→ **TASK DETAILS**
Print the listing below again. Change nothing.

*** Opening of EXERCISE INPUT ***

lemma cseq_image_subset_upper_hull:
  assumes "encloses k" "0 \<notin> {cL k..cU k}"
  shows "cseq k ` {a..b} \<subseteq> upper_hull k"
proof (rule image_subsetI)
  fix x assume x: "x \<in> {a..b}"
  have ca: "cseq k a \<in> {aL k..aU k}" and cb: "cseq k b \<in> {bL k..bU k}"
    and deriv_in: "\<forall>y\<in>{a..b}. cseq_deriv k y \<in> {cL k..cU k}"
    using assms(1) by (auto simp: encloses_def)
  show "cseq k x \<in> upper_hull k"
    using mem_between_endpoints_if_deriv_definite_sign[OF cseq_has_real_derivative deriv_in assms(2) x]
      ohull_contains_between[OF ca cb] by blast
qed

lemma lower_hull_subset_cseq_image:
  assumes "a \<le> b" "encloses k" "{aL k..aU k} \<inter> {bL k..bU k} = {}"
  shows "uhull (aL k) (aU k) (bL k) (bU k) \<subseteq> cseq k ` {a..b}"
proof -
  have ca: "cseq k a \<in> {aL k..aU k}" and cb: "cseq k b \<in> {bL k..bU k}"
    using assms(2) by (auto simp: encloses_def)
  have conn: "connected (cseq k ` {a..b})"
    by (intro connected_continuous_image connected_Icc continuous_at_imp_continuous_on
        ballI DERIV_isCont[OF cseq_has_real_derivative])
  have A: "cseq k a \<in> cseq k ` {a..b}" and B: "cseq k b \<in> cseq k ` {a..b}"
    using assms(1) by auto
  have between: "{min (cseq k a) (cseq k b)..max (cseq k a) (cseq k b)} \<subseteq> cseq k ` {a..b}"
    using connected_contains_Icc[OF conn A B] connected_contains_Icc[OF conn B A]
    by (cases "cseq k a \<le> cseq k b") (auto simp: min_def max_def)
  have "aU k < bL k \<or> bU k < aL k"
  proof (rule ccontr)
    assume "\<not> (aU k < bL k \<or> bU k < aL k)"
    then have "max (aL k) (bL k) \<in> {aL k..aU k} \<inter> {bL k..bU k}"
      using ca cb by (auto simp: max_def)
    with assms(3) show False by blast
  qed
  then show ?thesis
    using ca cb between by (auto simp: uhull_def)
qed

lemma endpoints_encloses_Suc:
  assumes "encloses k" "0 \<notin> upper_hull k"
    and "step_ok a b aL aU bL bU cL cU fL fU dL dU k"
  shows "cseq (Suc k) a \<in> {aL (Suc k)..aU (Suc k)} \<and> cseq (Suc k) b \<in> {bL (Suc k)..bU (Suc k)}"
proof -
  have ca: "cseq k a \<in> {aL k..aU k}" and cb: "cseq k b \<in> {bL k..bU k}"
    using assms(1) by (auto simp: encloses_def)
  have in_hull: "aL k \<in> upper_hull k" "aU k \<in> upper_hull k" "bL k \<in> upper_hull k" "bU k \<in> upper_hull k"
    using ca cb hull_subset unfolding ohull_def by fastforce+
  have conn: "connected (upper_hull k)"
    unfolding ohull_def by (simp add: convex_connected)
  show ?thesis
  proof (cases "aU k < 0")
    case True
    then have "bU k < 0"
      using connected_nonzero_same_sign[OF conn assms(2) in_hull(2,4)] by blast
    then show ?thesis
      using assms(3) True fa_mem_interval_neg[OF ca True, of a] fa_mem_interval_neg[OF cb, of b]
      by (auto simp: step_ok_def Let_def)
  next
    case False
    moreover have "aU k \<noteq> 0" using in_hull(2) assms(2) by auto
    moreover have "aL k < 0 \<Longrightarrow> aU k < 0" "bL k < 0 \<Longrightarrow> aU k < 0"
      using connected_nonzero_same_sign[OF conn assms(2) in_hull(1,2)]
        connected_nonzero_same_sign[OF conn assms(2) in_hull(3,2)] by blast+
    ultimately have "0 \<le> aL k" "0 \<le> bL k" by linarith+
    then show ?thesis
      using assms(3) False fa_mem_interval_nonneg[OF ca, of a] fa_mem_interval_nonneg[OF cb, of b]
      by (auto simp: step_ok_def Let_def)
  qed
qed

*** Close of EXERCISE INPUT ***

→ **TASK RESULT**
lemma cseq_image_subset_upper_hull:
  assumes "encloses k" "0 \<notin> {cL k..cU k}"
  shows "cseq k ` {a..b} \<subseteq> upper_hull k"
proof (rule image_subsetI)
  fix x assume x: "x \<in> {a..b}"
  have ca: "cseq k a \<in> {aL k..aU k}" and cb: "cseq k b \<in> {bL k..bU k}"
    and deriv_in: "\<forall>y\<in>{a..b}. cseq_deriv k y \<in> {cL k..cU k}"
    using assms(1) by (auto simp: encloses_def)
  show "cseq k x \<in> upper_hull k"
    using mem_between_endpoints_if_deriv_definite_sign[OF cseq_has_real_derivative deriv_in assms(2) x]
      ohull_contains_between[OF ca cb] by blast
qed

lemma lower_hull_subset_cseq_image:
  assumes "a \<le> b" "encloses k" "{aL k..aU k} \<inter> {bL k..bU k} = {}"
  shows "uhull (aL k) (aU k) (bL k) (bU k) \<subseteq> cseq k ` {a..b}"
proof -
  have ca: "cseq k a \<in> {aL k..aU k}" and cb: "cseq k b \<in> {bL k..bU k}"
    using assms(2) by (auto simp: encloses_def)
  have conn: "connected (cseq k ` {a..b})"
    by (intro connected_continuous_image connected_Icc continuous_at_imp_continuous_on
        ballI DERIV_isCont[OF cseq_has_real_derivative])
  have A: "cseq k a \<in> cseq k ` {a..b}" and B: "cseq k b \<in> cseq k ` {a..b}"
    using assms(1) by auto
  have between: "{min (cseq k a) (cseq k b)..max (cseq k a) (cseq k b)} \<subseteq> cseq k ` {a..b}"
    using connected_contains_Icc[OF conn A B] connected_contains_Icc[OF conn B A]
    by (cases "cseq k a \<le> cseq k b") (auto simp: min_def max_def)
  have "aU k < bL k \<or> bU k < aL k"
  proof (rule ccontr)
    assume "\<not> (aU k < bL k \<or> bU k < aL k)"
    then have "max (aL k) (bL k) \<in> {aL k..aU k} \<inter> {bL k..bU k}"
      using ca cb by (auto simp: max_def)
    with assms(3) show False by blast
  qed
  then show ?thesis
    using ca cb between by (auto simp: uhull_def)
qed

lemma endpoints_encloses_Suc:
  assumes "encloses k" "0 \<notin> upper_hull k"
    and "step_ok a b aL aU bL bU cL cU fL fU dL dU k"
  shows "cseq (Suc k) a \<in> {aL (Suc k)..aU (Suc k)} \<and> cseq (Suc k) b \<in> {bL (Suc k)..bU (Suc k)}"
proof -
  have ca: "cseq k a \<in> {aL k..aU k}" and cb: "cseq k b \<in> {bL k..bU k}"
    using assms(1) by (auto simp: encloses_def)
  have in_hull: "aL k \<in> upper_hull k" "aU k \<in> upper_hull k" "bL k \<in> upper_hull k" "bU k \<in> upper_hull k"
    using ca cb hull_subset unfolding ohull_def by fastforce+
  have conn: "connected (upper_hull k)"
    unfolding ohull_def by (simp add: convex_connected)
  show ?thesis
  proof (cases "aU k < 0")
    case True
    then have "bU k < 0"
      using connected_nonzero_same_sign[OF conn assms(2) in_hull(2,4)] by blast
    then show ?thesis
      using assms(3) True fa_mem_interval_neg[OF ca True, of a] fa_mem_interval_neg[OF cb, of b]
      by (auto simp: step_ok_def Let_def)
  next
    case False
    moreover have "aU k \<noteq> 0" using in_hull(2) assms(2) by auto
    moreover have "aL k < 0 \<Longrightarrow> aU k < 0" "bL k < 0 \<Longrightarrow> aU k < 0"
      using connected_nonzero_same_sign[OF conn assms(2) in_hull(1,2)]
        connected_nonzero_same_sign[OF conn assms(2) in_hull(3,2)] by blast+
    ultimately have "0 \<le> aL k" "0 \<le> bL k" by linarith+
    then show ?thesis
      using assms(3) False fa_mem_interval_nonneg[OF ca, of a] fa_mem_interval_nonneg[OF cb, of b]
      by (auto simp: step_ok_def Let_def)
  qed
qed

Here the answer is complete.